*** Block opens ***

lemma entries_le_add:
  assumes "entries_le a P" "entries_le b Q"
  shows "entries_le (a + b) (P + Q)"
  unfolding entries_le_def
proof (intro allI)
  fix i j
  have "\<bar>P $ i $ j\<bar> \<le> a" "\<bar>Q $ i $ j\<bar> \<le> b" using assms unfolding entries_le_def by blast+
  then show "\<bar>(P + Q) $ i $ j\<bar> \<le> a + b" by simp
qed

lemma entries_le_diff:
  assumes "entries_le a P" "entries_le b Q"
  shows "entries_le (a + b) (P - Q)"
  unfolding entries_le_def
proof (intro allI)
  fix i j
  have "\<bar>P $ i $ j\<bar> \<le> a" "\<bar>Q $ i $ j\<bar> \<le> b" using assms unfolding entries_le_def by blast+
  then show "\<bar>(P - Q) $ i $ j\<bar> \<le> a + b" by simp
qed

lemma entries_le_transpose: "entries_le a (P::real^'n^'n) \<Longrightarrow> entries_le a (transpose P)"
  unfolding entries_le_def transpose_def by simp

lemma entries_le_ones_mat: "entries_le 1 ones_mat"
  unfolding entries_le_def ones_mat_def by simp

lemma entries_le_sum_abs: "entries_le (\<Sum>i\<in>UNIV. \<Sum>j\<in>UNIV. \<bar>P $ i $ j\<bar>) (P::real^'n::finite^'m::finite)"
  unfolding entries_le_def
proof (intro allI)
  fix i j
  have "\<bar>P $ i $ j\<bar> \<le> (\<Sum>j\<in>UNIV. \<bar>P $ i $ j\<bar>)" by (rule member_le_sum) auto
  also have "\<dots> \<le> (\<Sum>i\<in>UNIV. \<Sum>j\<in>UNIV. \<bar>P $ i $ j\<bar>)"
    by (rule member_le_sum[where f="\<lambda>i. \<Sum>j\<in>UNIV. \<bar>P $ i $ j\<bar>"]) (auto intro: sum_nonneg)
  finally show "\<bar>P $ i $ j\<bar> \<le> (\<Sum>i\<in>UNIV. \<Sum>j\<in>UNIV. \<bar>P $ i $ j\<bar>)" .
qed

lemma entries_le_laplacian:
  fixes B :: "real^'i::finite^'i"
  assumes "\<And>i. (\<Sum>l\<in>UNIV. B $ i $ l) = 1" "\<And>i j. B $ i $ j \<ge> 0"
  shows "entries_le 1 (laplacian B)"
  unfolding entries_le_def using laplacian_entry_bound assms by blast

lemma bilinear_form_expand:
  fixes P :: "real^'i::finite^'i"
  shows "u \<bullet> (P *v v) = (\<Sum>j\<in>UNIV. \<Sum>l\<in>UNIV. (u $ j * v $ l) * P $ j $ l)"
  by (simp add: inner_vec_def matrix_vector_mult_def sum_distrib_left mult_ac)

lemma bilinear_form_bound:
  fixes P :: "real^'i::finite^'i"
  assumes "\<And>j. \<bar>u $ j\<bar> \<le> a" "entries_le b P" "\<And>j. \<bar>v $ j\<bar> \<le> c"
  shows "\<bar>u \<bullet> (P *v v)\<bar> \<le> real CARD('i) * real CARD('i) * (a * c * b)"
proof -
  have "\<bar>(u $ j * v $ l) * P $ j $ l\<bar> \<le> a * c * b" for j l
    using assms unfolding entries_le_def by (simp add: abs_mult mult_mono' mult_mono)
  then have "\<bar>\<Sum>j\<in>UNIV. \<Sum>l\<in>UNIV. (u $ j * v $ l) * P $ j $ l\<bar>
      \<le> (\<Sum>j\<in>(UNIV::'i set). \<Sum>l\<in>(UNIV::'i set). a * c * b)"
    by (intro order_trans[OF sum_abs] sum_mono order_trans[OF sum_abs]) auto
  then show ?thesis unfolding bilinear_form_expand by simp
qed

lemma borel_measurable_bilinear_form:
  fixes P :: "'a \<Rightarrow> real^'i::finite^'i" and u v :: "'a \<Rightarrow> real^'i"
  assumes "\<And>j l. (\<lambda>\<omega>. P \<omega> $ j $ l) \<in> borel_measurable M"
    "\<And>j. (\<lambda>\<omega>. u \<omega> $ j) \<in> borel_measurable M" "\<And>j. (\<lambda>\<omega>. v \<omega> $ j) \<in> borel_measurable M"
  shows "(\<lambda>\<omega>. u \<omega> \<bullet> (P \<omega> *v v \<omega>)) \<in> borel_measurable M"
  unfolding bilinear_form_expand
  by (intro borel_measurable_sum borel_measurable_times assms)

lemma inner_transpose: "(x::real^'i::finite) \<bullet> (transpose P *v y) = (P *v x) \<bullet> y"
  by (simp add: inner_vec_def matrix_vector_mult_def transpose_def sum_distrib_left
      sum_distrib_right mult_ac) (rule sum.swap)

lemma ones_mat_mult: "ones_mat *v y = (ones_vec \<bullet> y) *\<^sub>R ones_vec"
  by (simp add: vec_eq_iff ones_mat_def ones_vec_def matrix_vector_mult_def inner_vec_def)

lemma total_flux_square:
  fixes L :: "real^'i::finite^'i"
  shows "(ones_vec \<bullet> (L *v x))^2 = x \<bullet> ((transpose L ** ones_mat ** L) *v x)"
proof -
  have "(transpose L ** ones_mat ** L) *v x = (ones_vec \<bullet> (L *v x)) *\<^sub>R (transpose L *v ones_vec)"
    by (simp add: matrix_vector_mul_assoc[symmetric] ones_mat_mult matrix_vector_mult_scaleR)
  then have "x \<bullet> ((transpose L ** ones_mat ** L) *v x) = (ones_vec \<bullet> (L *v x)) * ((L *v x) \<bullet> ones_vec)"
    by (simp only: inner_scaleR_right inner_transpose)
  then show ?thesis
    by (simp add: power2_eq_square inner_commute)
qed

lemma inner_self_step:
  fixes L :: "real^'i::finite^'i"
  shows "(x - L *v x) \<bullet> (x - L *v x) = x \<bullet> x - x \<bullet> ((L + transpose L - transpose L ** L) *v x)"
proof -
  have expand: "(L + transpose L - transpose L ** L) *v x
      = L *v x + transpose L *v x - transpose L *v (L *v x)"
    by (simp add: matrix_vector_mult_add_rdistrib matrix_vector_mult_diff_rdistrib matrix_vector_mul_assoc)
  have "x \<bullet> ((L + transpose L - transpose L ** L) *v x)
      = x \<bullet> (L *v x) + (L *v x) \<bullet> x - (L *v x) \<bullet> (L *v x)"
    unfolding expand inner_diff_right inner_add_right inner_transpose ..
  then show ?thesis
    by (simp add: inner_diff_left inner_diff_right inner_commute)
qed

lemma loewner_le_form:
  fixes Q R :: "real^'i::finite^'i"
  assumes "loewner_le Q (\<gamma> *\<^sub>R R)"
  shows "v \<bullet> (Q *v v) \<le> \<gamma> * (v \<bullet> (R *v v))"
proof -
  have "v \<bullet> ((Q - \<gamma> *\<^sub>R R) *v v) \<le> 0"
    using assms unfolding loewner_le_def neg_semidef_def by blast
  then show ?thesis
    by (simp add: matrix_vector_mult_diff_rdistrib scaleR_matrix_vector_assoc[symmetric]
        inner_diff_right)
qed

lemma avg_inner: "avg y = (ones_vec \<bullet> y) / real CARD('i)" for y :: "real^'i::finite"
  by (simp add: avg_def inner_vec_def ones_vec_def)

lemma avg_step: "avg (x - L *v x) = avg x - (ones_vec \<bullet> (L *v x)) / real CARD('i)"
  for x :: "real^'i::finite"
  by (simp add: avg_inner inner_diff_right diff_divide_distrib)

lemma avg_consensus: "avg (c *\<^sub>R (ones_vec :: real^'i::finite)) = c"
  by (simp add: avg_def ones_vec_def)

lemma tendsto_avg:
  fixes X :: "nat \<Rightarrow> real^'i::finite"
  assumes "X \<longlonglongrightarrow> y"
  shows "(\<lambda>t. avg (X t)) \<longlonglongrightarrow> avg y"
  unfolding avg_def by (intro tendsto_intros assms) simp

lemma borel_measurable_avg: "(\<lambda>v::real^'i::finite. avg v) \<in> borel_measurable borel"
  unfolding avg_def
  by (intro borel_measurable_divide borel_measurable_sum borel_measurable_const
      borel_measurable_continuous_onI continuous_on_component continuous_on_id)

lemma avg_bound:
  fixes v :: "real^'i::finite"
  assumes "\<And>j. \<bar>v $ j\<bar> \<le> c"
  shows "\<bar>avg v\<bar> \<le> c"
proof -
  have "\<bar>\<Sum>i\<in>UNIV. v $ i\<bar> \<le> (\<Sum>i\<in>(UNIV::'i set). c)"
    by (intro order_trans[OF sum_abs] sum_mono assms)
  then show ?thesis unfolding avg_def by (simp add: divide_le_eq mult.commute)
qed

*** Block closes ***

→ **GOAL OF THE EXERCISE**
The answer is each line from the entries above in which the word "longlonglongrightarrow" occurs.

→ **RESPONSE**
  assumes "X \<longlonglongrightarrow> y"
  shows "(\<lambda>t. avg (X t)) \<longlonglongrightarrow> avg y"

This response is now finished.